■ WORK REQUIRED
Every line below containing the word "obtain" should be found and copied.

□ □ □ □ □

(* Let $k=\mathbb{F}_q$ with $q=2^m\geq 4$ and $n\geq 1$. Suppose $\sigma\in\mathrm{PGL}_{n+1}(k)$ induces a permutation of $\mathbb{P}^n(k)$ of order $2^r$, and for $i=0,\dots,r$ let $c_i$ be the number of $2^i$-cycles in its cycle decomposition (so $c_0$ is the number of fixed points). Then $c_0$ is odd and $c_1+\cdots+c_r$ is even. Moreover, if $n=1$, then exactly one of the following holds: (1) $c_0=q+1$ and $c_i=0$ for all $1\leq i\leq r$ (i.e. $\sigma$ acts as the identity); (2) $c_0=1$ and there is a unique $1\leq j\leq r$ with $c_j\neq 0$, and this $c_j$ equals $q/2^j>1$. *)

theory Defs
  imports "HOL-Analysis.Analysis"
begin

definition proj_points :: "('k::field ^ 'n) set set" where
  "proj_points = {{c *s v | c. c \<noteq> 0} | v. v \<noteq> 0}"

text \<open>The map on projective points induced by a matrix A (an element of GL, hence of PGL).\<close>
definition proj_map :: "'k::field ^ 'n ^ 'n \<Rightarrow> ('k ^ 'n) set \<Rightarrow> ('k ^ 'n) set" where
  "proj_map A P = (\<lambda>v. A *v v) ` P"

definition perm_order :: "('a \<Rightarrow> 'a) \<Rightarrow> 'a set \<Rightarrow> nat" where
  "perm_order f S = (LEAST k. k > 0 \<and> (\<forall>x\<in>S. (f ^^ k) x = x))"

definition orbit_of :: "('a \<Rightarrow> 'a) \<Rightarrow> 'a \<Rightarrow> 'a set" where
  "orbit_of f x = {(f ^^ j) x | j. True}"

definition cycle_count :: "('a \<Rightarrow> 'a) \<Rightarrow> 'a set \<Rightarrow> nat \<Rightarrow> nat" where
  "cycle_count f S l = card {C. \<exists>x\<in>S. C = orbit_of f x \<and> card C = l}"

end

(*
  Since sigma^(2^r) fixes every point of P^n, A^(2^r) is a scalar, which in characteristic 2 can
  be written nu^(2^r); then N = A - nu is nilpotent and N^(2^i) = A^(2^i) - nu^(2^i). Injectivity
  of the Frobenius shows that the points fixed by sigma^(2^i) are exactly the lines in
  K_i = ker N^(2^i). With d_i = dim K_i and q = |k|, counting lines gives

    (q - 1) c_0 = q^(d_0) - 1   and   (q - 1) 2^i c_i = q^(d_i) - q^(d_(i-1)).

  As d_0 >= 1, c_0 is odd. Kernels of the powers of N grow strictly until they stabilise, so a
  jump d_(i-1) < d_i forces d_(i-1) >= 2^(i-1); then 2^(i+1) divides q^(d_(i-1)) and c_i is even.
  For n = 1 the chain d_0 <= ... <= d_r = 2 is either constantly 2 (sigma is the identity) or
  jumps once from 1 to 2, at the unique j with c_j <> 0, where 2^j c_j = q.
*)
theory Submission
  imports Defs "HOL-Combinatorics.Orbits" "HOL-Combinatorics.Cycles"
    "HOL-Computational_Algebra.Primes"
begin

section \<open>Orbits and cycle counts\<close>

lemma self_in_orbit_if_funpow_eq:
  assumes "(f ^^ n) x = x" "0 < n"
  shows "x \<in> orbit f x"
  using assms unfolding orbit_altdef by (intro CollectI exI[of _ n]) simp

lemma orbit_of_eq_orbit:
  assumes "(f ^^ n) x = x" "0 < n"
  shows "orbit_of f x = orbit f x"
  using orbit_altdef_self_in[OF self_in_orbit_if_funpow_eq[OF assms]] by (simp add: orbit_of_def)

lemma card_orbit_of:
  assumes "(f ^^ n) x = x" "0 < n"
  shows "card (orbit_of f x) = funpow_dist1 f x x"
proof -
  have x: "x \<in> orbit f x" using self_in_orbit_if_funpow_eq[OF assms] .
  show ?thesis
    using orbit_conv_funpow_dist1[OF x] inj_on_funpow_dist1[OF x]
    by (simp add: orbit_of_eq_orbit[OF assms] card_image)
qed

lemma funpow_eq_self_iff_card_orbit_of_dvd:
  assumes "(f ^^ n) x = x" "0 < n"
  shows "(f ^^ k) x = x \<longleftrightarrow> card (orbit_of f x) dvd k"
proof -
  define p where "p = funpow_dist1 f x x"
  have p: "(f ^^ p) x = x" "0 < p"
    using funpow_dist1_prop[OF self_in_orbit_if_funpow_eq[OF assms]] by (simp_all add: p_def)
  have "(f ^^ k) x = x \<longleftrightarrow> k mod p = 0"
  proof
    assume "(f ^^ k) x = x"
    then have "(f ^^ (k mod p)) x = x" by (simp add: funpow_mod_eq[OF p(1)])
    moreover have "k mod p < p" using p(2) by simp
    ultimately show "k mod p = 0"
      using funpow_dist1_least[of "k mod p" f x x] unfolding p_def by auto
  qed (simp add: funpow_mod_eq[OF p(1), symmetric])
  then show ?thesis by (simp add: card_orbit_of[OF assms] p_def mod_eq_0_iff_dvd)
qed
theorem lemmaB3:
  fixes I1 I2 :: "real set"
    and f :: "real \<Rightarrow> real \<Rightarrow> real \<Rightarrow> real"
    and \<theta> :: "real \<Rightarrow> real \<Rightarrow> real"
    and C qs :: real
  assumes I1: "I1 \<subseteq> {0<..<1}"
    and C_pos: "C > 0"
    and f_even: "\<And>\<nu> \<alpha> s. \<nu> \<in> I1 \<Longrightarrow> \<alpha> \<in> I2 \<Longrightarrow> f \<nu> \<alpha> (- s) = f \<nu> \<alpha> s"
    and f_cont: "\<And>\<nu> \<alpha>. \<nu> \<in> I1 \<Longrightarrow> \<alpha> \<in> I2 \<Longrightarrow> continuous_on UNIV (f \<nu> \<alpha>)"
    and f_bound: "\<And>\<nu> \<alpha> s. \<nu> \<in> I1 \<Longrightarrow> \<alpha> \<in> I2 \<Longrightarrow> \<bar>f \<nu> \<alpha> s\<bar> \<le> C"
    and \<theta>_nonneg: "\<And>\<nu> \<alpha>. \<nu> \<in> I1 \<Longrightarrow> \<alpha> \<in> I2 \<Longrightarrow> 0 \<le> \<theta> \<nu> \<alpha>"
    and \<theta>_bound: "\<And>\<nu> \<alpha>. \<nu> \<in> I1 \<Longrightarrow> \<alpha> \<in> I2 \<Longrightarrow> \<theta> \<nu> \<alpha> \<le> C * \<nu>\<^sup>2"
    and qs_pos: "qs > 0"
  shows
    "(\<exists>M. \<forall>\<nu>\<in>I1. \<forall>\<alpha>\<in>I2. \<forall>X::real.
        \<nu> powr (-3) * exp (2 * qs * \<bar>X\<bar>) *
        \<bar>(LBINT s = ereal (X + \<theta> \<nu> \<alpha> * tanh (qs * X))
                  ..ereal (X + \<nu> + \<theta> \<nu> \<alpha> * tanh (qs * X + qs * \<nu>)). f \<nu> \<alpha> s)
         - (LBINT s = ereal (X + \<theta> \<nu> \<alpha> * tanh (qs * X))
                  ..ereal (X + \<nu> + \<theta> \<nu> \<alpha> * tanh (qs * X)). f \<nu> \<alpha> s)\<bar> \<le> M)
     \<and> (\<forall>q::real. 0 < q \<and> q < qs \<and>
          (\<exists>K. \<forall>\<nu>\<in>I1. \<forall>\<alpha>\<in>I2. \<forall>X::real. exp (q * \<bar>X\<bar>) * \<bar>f \<nu> \<alpha> X\<bar> \<le> K)
        \<longrightarrow> (\<exists>L :: real \<Rightarrow> real \<Rightarrow> real. \<exists>M. \<forall>\<nu>\<in>I1. \<forall>\<alpha>\<in>I2.
               (\<forall>X::real. exp (q * \<bar>X\<bar>) *
                  \<bar>(LBINT s = ereal 0..ereal X. f \<nu> \<alpha> s) - L \<nu> \<alpha> * tanh (qs * X / 2)\<bar>
                  + \<bar>L \<nu> \<alpha>\<bar> \<le> M)))"
proof (intro conjI allI impI)
  show "\<exists>M. \<forall>\<nu>\<in>I1. \<forall>\<alpha>\<in>I2. \<forall>X. \<nu> powr (-3) * exp (2 * qs * \<bar>X\<bar>) *
      \<bar>(LBINT s = ereal (X + \<theta> \<nu> \<alpha> * tanh (qs * X))..ereal (X + \<nu> + \<theta> \<nu> \<alpha> * tanh (qs * X + qs * \<nu>)). f \<nu> \<alpha> s)
       - (LBINT s = ereal (X + \<theta> \<nu> \<alpha> * tanh (qs * X))..ereal (X + \<nu> + \<theta> \<nu> \<alpha> * tanh (qs * X)). f \<nu> \<alpha> s)\<bar> \<le> M"
    using I1 by (intro exI[of _ "4 * C\<^sup>2 * qs * exp (2 * qs)"] ballI allI
        perturbed_endpoint_integral_diff_bound f_cont f_bound
        \<theta>_nonneg \<theta>_bound qs_pos) auto
next
  fix q
  assume "0 < q \<and> q < qs \<and> (\<exists>K. \<forall>\<nu>\<in>I1. \<forall>\<alpha>\<in>I2. \<forall>X. exp (q * \<bar>X\<bar>) * \<bar>f \<nu> \<alpha> X\<bar> \<le> K)"
  then obtain K where q: "0 < q" "q \<le> qs"
    and decay: "\<And>\<nu> \<alpha> X. \<nu> \<in> I1 \<Longrightarrow> \<alpha> \<in> I2 \<Longrightarrow> exp (q * \<bar>X\<bar>) * \<bar>f \<nu> \<alpha> X\<bar> \<le> K"
    by auto
  have "\<forall>\<nu>\<in>I1. \<forall>\<alpha>\<in>I2. \<exists>L. \<forall>X. exp (q * \<bar>X\<bar>) *
      \<bar>(LBINT s = ereal 0..ereal X. f \<nu> \<alpha> s) - L * tanh (qs * X / 2)\<bar> + \<bar>L\<bar> \<le> 4 * K / q"
    by (blast intro: primitive_approx_by_tanh f_cont f_even decay q)
  then show "\<exists>L M. \<forall>\<nu>\<in>I1. \<forall>\<alpha>\<in>I2. \<forall>X. exp (q * \<bar>X\<bar>) *
      \<bar>(LBINT s = ereal 0..ereal X. f \<nu> \<alpha> s) - L \<nu> \<alpha> * tanh (qs * X / 2)\<bar> + \<bar>L \<nu> \<alpha>\<bar> \<le> M"
    by metis
qed
(* Fix a reflection matrix $\mathbf\Phi$ and suppose problem (SDR1.2) has an optimal solution. Then there exists an optimal solution $(\{\mathbf W_k^\star\},\mathbf R_0^\star)$ of (SDR1.2) with $\mathbf R_0^\star=\mathbf 0$.
   Context: Let $M,N,K\ge1$ be integers and $\mathcal K=\{1,\dots,K\}$. Fixed data: $\mathbf G\in\mathbb C^{N\times M}$, $\mathbf h_{\mathrm d,k}\in\mathbb C^{M}$ and $\mathbf h_{\mathrm r,k}\in\mathbb C^{N}$ for $k\in\mathcal K$, thresholds $\Gamma_k>0$, noise powers $\sigma_k^2>0$, and a power budget $P_0>0$. A reflection matrix is $\mathbf\Phi=\mathrm{diag}(\mathbf v)$ with $\mathbf v\in\mathbb C^N$, $|v_n|=1$ for all $n$. For a given $\mathbf\Phi$ put $\mathbf h_k=\mathbf h_{\mathrm d,k}+\mathbf G^H\mathbf\Phi^H\mathbf h_{\mathrm r,k}$ and $\mathbf H_k=\mathbf h_k\mathbf h_k^H$. For Hermitian $\mathbf X\succeq\mathbf 0$ define $f(\mathbf X)=\mathrm{tr}\big((\mathbf G\mathbf X\mathbf G^H)^{-1}\big)$ if $\mathbf G\mathbf X\mathbf G^H$ is invertible and $f(\mathbf X)=+\infty$ otherwise. Problem (SDR1.2) (for fixed $\mathbf\Phi$): minimize $f\big(\sum_k\mathbf W_k+\mathbf R_0\big)$ over Hermitian $\mathbf W_k\succeq\mathbf 0$ ($k\in\mathcal K$) and $\mathbf R_0\succeq\mathbf 0$, subject to $(1+\tfrac1{\Gamma_k})\mathrm{tr}(\mathbf H_k\mathbf W_k)-\mathrm{tr}\big(\mathbf H_k(\sum_{i}\mathbf W_i+\mathbf R_0)\big)\ge\sigma_k^2$ for all $k$, and $\sum_k\mathrm{tr}(\mathbf W_k)+\mathrm{tr}(\mathbf R_0)\le P_0$. *)

theory Defs
  imports "HOL-Analysis.Analysis" "HOL-Library.Extended_Real"
begin

definition adj :: "complex^'n^'m \<Rightarrow> complex^'m^'n" where
  "adj A = (\<chi> i j. cnj (A $ j $ i))"

definition hermitian :: "complex^'n^'n \<Rightarrow> bool" where
  "hermitian X \<longleftrightarrow> adj X = X"

definition psd :: "complex^'n^'n \<Rightarrow> bool" where
  "psd X \<longleftrightarrow> hermitian X \<and> (\<forall>x. 0 \<le> Re (\<Sum>i\<in>UNIV. cnj (x $ i) * (X *v x) $ i))"

definition diag_mat :: "complex^'n \<Rightarrow> complex^'n^'n" where
  "diag_mat v = (\<chi> i j. if i = j then v $ i else 0)"

definition outer :: "complex^'n \<Rightarrow> complex^'n^'n" where
  "outer h = (\<chi> i j. h $ i * cnj (h $ j))"

definition eff_chan :: "complex^'m^'n \<Rightarrow> complex^'n^'n \<Rightarrow> complex^'m \<Rightarrow> complex^'n \<Rightarrow> complex^'m" where
  "eff_chan G Phi hD hR = hD + adj G *v (adj Phi *v hR)"

text \<open>Objective f(X) = tr((G X G^H)^{-1}) if G X G^H invertible, +\<infinity> otherwise.
  (For Hermitian PSD X the trace is real; we take its real part.)\<close>
definition obj :: "complex^'m^'n \<Rightarrow> complex^'m^'m \<Rightarrow> ereal" where
  "obj G X = (if invertible (G ** X ** adj G)
              then ereal (Re (trace (matrix_inv (G ** X ** adj G))))
              else \<infinity>)"

definition feasible ::
  "complex^'m^'n \<Rightarrow> complex^'n^'n \<Rightarrow> ('k::finite \<Rightarrow> complex^'m) \<Rightarrow> ('k \<Rightarrow> complex^'n)
   \<Rightarrow> ('k \<Rightarrow> real) \<Rightarrow> ('k \<Rightarrow> real) \<Rightarrow> real
   \<Rightarrow> ('k \<Rightarrow> complex^'m^'m) \<Rightarrow> complex^'m^'m \<Rightarrow> bool" where
  "feasible G Phi hD hR Gam sig2 P0 W R0 \<longleftrightarrow>
     (\<forall>k. psd (W k)) \<and> psd R0 \<and>
     (\<forall>k. let Hk = outer (eff_chan G Phi (hD k) (hR k)) in
        (1 + 1 / Gam k) * Re (trace (Hk ** W k))
          - Re (trace (Hk ** ((\<Sum>i\<in>UNIV. W i) + R0))) \<ge> sig2 k) \<and>
     (\<Sum>k\<in>UNIV. Re (trace (W k))) + Re (trace R0) \<le> P0"

definition optimal ::
  "complex^'m^'n \<Rightarrow> complex^'n^'n \<Rightarrow> ('k::finite \<Rightarrow> complex^'m) \<Rightarrow> ('k \<Rightarrow> complex^'n)
   \<Rightarrow> ('k \<Rightarrow> real) \<Rightarrow> ('k \<Rightarrow> real) \<Rightarrow> real
   \<Rightarrow> ('k \<Rightarrow> complex^'m^'m) \<Rightarrow> complex^'m^'m \<Rightarrow> bool" where
  "optimal G Phi hD hR Gam sig2 P0 W R0 \<longleftrightarrow>
     feasible G Phi hD hR Gam sig2 P0 W R0 \<and>
     (\<forall>W' R0'. feasible G Phi hD hR Gam sig2 P0 W' R0' \<longrightarrow>
        obj G ((\<Sum>i\<in>UNIV. W i) + R0) \<le> obj G ((\<Sum>i\<in>UNIV. W' i) + R0'))"

end

theory Submission
  imports Defs
begin

text \<open>Absorbing the dedicated sensing covariance \<open>R\<^sub>0\<close> into one beamformer \<open>W\<^sub>k\<^sub>0\<close>
  leaves the total transmit covariance \<open>\<Sum>\<^sub>i W\<^sub>i + R\<^sub>0\<close> unchanged, hence also the
  objective, the interference terms and the power. The only quantity that changes is the
  useful signal \<open>tr(H\<^sub>k\<^sub>0 W\<^sub>k\<^sub>0)\<close>, which grows by \<open>tr(H\<^sub>k\<^sub>0 R\<^sub>0) = h\<^sup>H R\<^sub>0 h \<ge> 0\<close>; so the new
  point is feasible and, having the same objective value, optimal. Nothing about the reflection
  matrix, the noise powers or the power budget is used.\<close>

lemma hermitian_add: "hermitian A \<Longrightarrow> hermitian B \<Longrightarrow> hermitian (A + B)"
  unfolding hermitian_def adj_def by (simp add: vec_eq_iff)

lemma psd_0: "psd 0"
  unfolding psd_def hermitian_def adj_def by (simp add: vec_eq_iff)

lemma psd_add:
  fixes A B :: "complex^'n^'n"
  assumes "psd A" "psd B"
  shows "psd (A + B)"
  unfolding psd_def
proof (intro conjI allI)
  show "hermitian (A + B)"
    using assms hermitian_add unfolding psd_def by blast
next
  fix x :: "complex^'n"
  have "(\<Sum>i\<in>UNIV. cnj (x $ i) * ((A + B) *v x) $ i) =
        (\<Sum>i\<in>UNIV. cnj (x $ i) * (A *v x) $ i) + (\<Sum>i\<in>UNIV. cnj (x $ i) * (B *v x) $ i)"
    by (simp add: matrix_vector_mult_add_rdistrib distrib_left sum.distrib)
  then show "0 \<le> Re (\<Sum>i\<in>UNIV. cnj (x $ i) * ((A + B) *v x) $ i)"
    using assms unfolding psd_def by simp
qed

lemma trace_outer_mult: "trace (outer h ** R) = (\<Sum>j\<in>UNIV. cnj (h $ j) * (R *v h) $ j)"
  unfolding trace_def outer_def matrix_matrix_mult_def matrix_vector_mult_def
  by (simp add: sum_distrib_left mult_ac) (subst sum.swap, simp add: mult_ac)

lemma psd_trace_outer_mult_nonneg: "psd R \<Longrightarrow> 0 \<le> Re (trace (outer h ** R))"
  unfolding trace_outer_mult psd_def by blast

lemma sum_fun_upd_add:
  fixes f :: "'a \<Rightarrow> 'b::comm_monoid_add"
  assumes "finite A" "a \<in> A"
  shows "sum (f(a := f a + r)) A = sum f A + r"
proof -
  have "f(a := f a + r) = (\<lambda>x. f x + (if x = a then r else 0))"
    by auto
  then show ?thesis
    using assms by (simp add: sum.distrib)
qed

lemma feasible_absorb_R0:
  assumes feas: "feasible G Phi hD hR Gam sig2 P0 W R0"
    and Gam_pos: "\<forall>k. Gam k > 0"
  shows "feasible G Phi hD hR Gam sig2 P0 (W(k0 := W k0 + R0)) 0"
proof -
  let ?W' = "W(k0 := W k0 + R0)"
  have psd_R0: "psd R0"
    using feas unfolding feasible_def by blast
  have total: "(\<Sum>i\<in>UNIV. ?W' i) = (\<Sum>i\<in>UNIV. W i) + R0"
    by (rule sum_fun_upd_add) simp_all
  have power: "(\<Sum>k\<in>UNIV. Re (trace (?W' k))) = (\<Sum>k\<in>UNIV. Re (trace (W k))) + Re (trace R0)"
  proof -
    have "(\<lambda>k. Re (trace (?W' k))) = (\<lambda>k. Re (trace (W k)))(k0 := Re (trace (W k0)) + Re (trace R0))"
      by (auto simp: trace_add)
    then show ?thesis
      by (metis sum_fun_upd_add finite UNIV_I)
  qed
  show ?thesis
    unfolding feasible_def Let_def
  proof (intro conjI allI psd_0)
    fix k
    show "psd (?W' k)"
      using feas psd_add[OF _ psd_R0] unfolding feasible_def by simp
    let ?H = "outer (eff_chan G Phi (hD k) (hR k))"
    have signal: "Re (trace (?H ** W k)) \<le> Re (trace (?H ** ?W' k))"
      using psd_trace_outer_mult_nonneg[OF psd_R0]
      by (simp add: matrix_add_ldistrib trace_add)
    have "0 \<le> 1 + 1 / Gam k"
      using Gam_pos by (simp add: add_nonneg_nonneg less_imp_le)
    then have "(1 + 1 / Gam k) * Re (trace (?H ** W k)) \<le> (1 + 1 / Gam k) * Re (trace (?H ** ?W' k))"
      using signal by (rule mult_left_mono[rotated])
    moreover have "sig2 k \<le> (1 + 1 / Gam k) * Re (trace (?H ** W k))
                          - Re (trace (?H ** ((\<Sum>i\<in>UNIV. W i) + R0)))"
      using feas unfolding feasible_def Let_def by blast
    ultimately show "sig2 k \<le> (1 + 1 / Gam k) * Re (trace (?H ** ?W' k))
                              - Re (trace (?H ** ((\<Sum>i\<in>UNIV. ?W' i) + 0)))"
      using total by simp
  next
    show "(\<Sum>k\<in>UNIV. Re (trace (?W' k))) + Re (trace 0) \<le> P0"
      using feas power unfolding feasible_def by (simp add: trace_def)
  qed
qed

lemma optimal_if_feasible_same_total:
  assumes "optimal G Phi hD hR Gam sig2 P0 W R0"
    and "feasible G Phi hD hR Gam sig2 P0 W' R0'"
    and "(\<Sum>i\<in>UNIV. W' i) + R0' = (\<Sum>i\<in>UNIV. W i) + R0"
  shows "optimal G Phi hD hR Gam sig2 P0 W' R0'"
  using assms unfolding optimal_def by simp

theorem proposition2:
  fixes G :: "complex^'m::finite^'n::finite"
    and v :: "complex^'n"
    and hD :: "'k::finite \<Rightarrow> complex^'m"
    and hR :: "'k \<Rightarrow> complex^'n"
    and Gam sig2 :: "'k \<Rightarrow> real"
    and P0 :: real
  assumes unit: "\<forall>n. norm (v $ n) = 1"
    and Gam_pos: "\<forall>k. Gam k > 0"
    and sig_pos: "\<forall>k. sig2 k > 0"
    and P0_pos: "P0 > 0"
    and has_opt: "\<exists>W R0. optimal G (diag_mat v) hD hR Gam sig2 P0 W R0"
  shows "\<exists>W. optimal G (diag_mat v) hD hR Gam sig2 P0 W 0"
proof -
  obtain W R0 where opt: "optimal G (diag_mat v) hD hR Gam sig2 P0 W R0"
    using has_opt by blast
  fix k0 :: 'k
  let ?W' = "W(k0 := W k0 + R0)"
  have "feasible G (diag_mat v) hD hR Gam sig2 P0 ?W' 0"
    using opt Gam_pos feasible_absorb_R0 unfolding optimal_def by blast
  moreover have "(\<Sum>i\<in>UNIV. ?W' i) + 0 = (\<Sum>i\<in>UNIV. W i) + R0"
    using sum_fun_upd_add[of UNIV k0 W R0] by simp
  ultimately have "optimal G (diag_mat v) hD hR Gam sig2 P0 ?W' 0"
    using optimal_if_feasible_same_total[OF opt] by blast
  then show ?thesis
    by blast
qed

end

□ □ □ □ □

■ ANSWER SECTION
  then obtain K where q: "0 < q" "q \<le> qs"
  obtain W R0 where opt: "optimal G (diag_mat v) hD hR Gam sig2 P0 W R0"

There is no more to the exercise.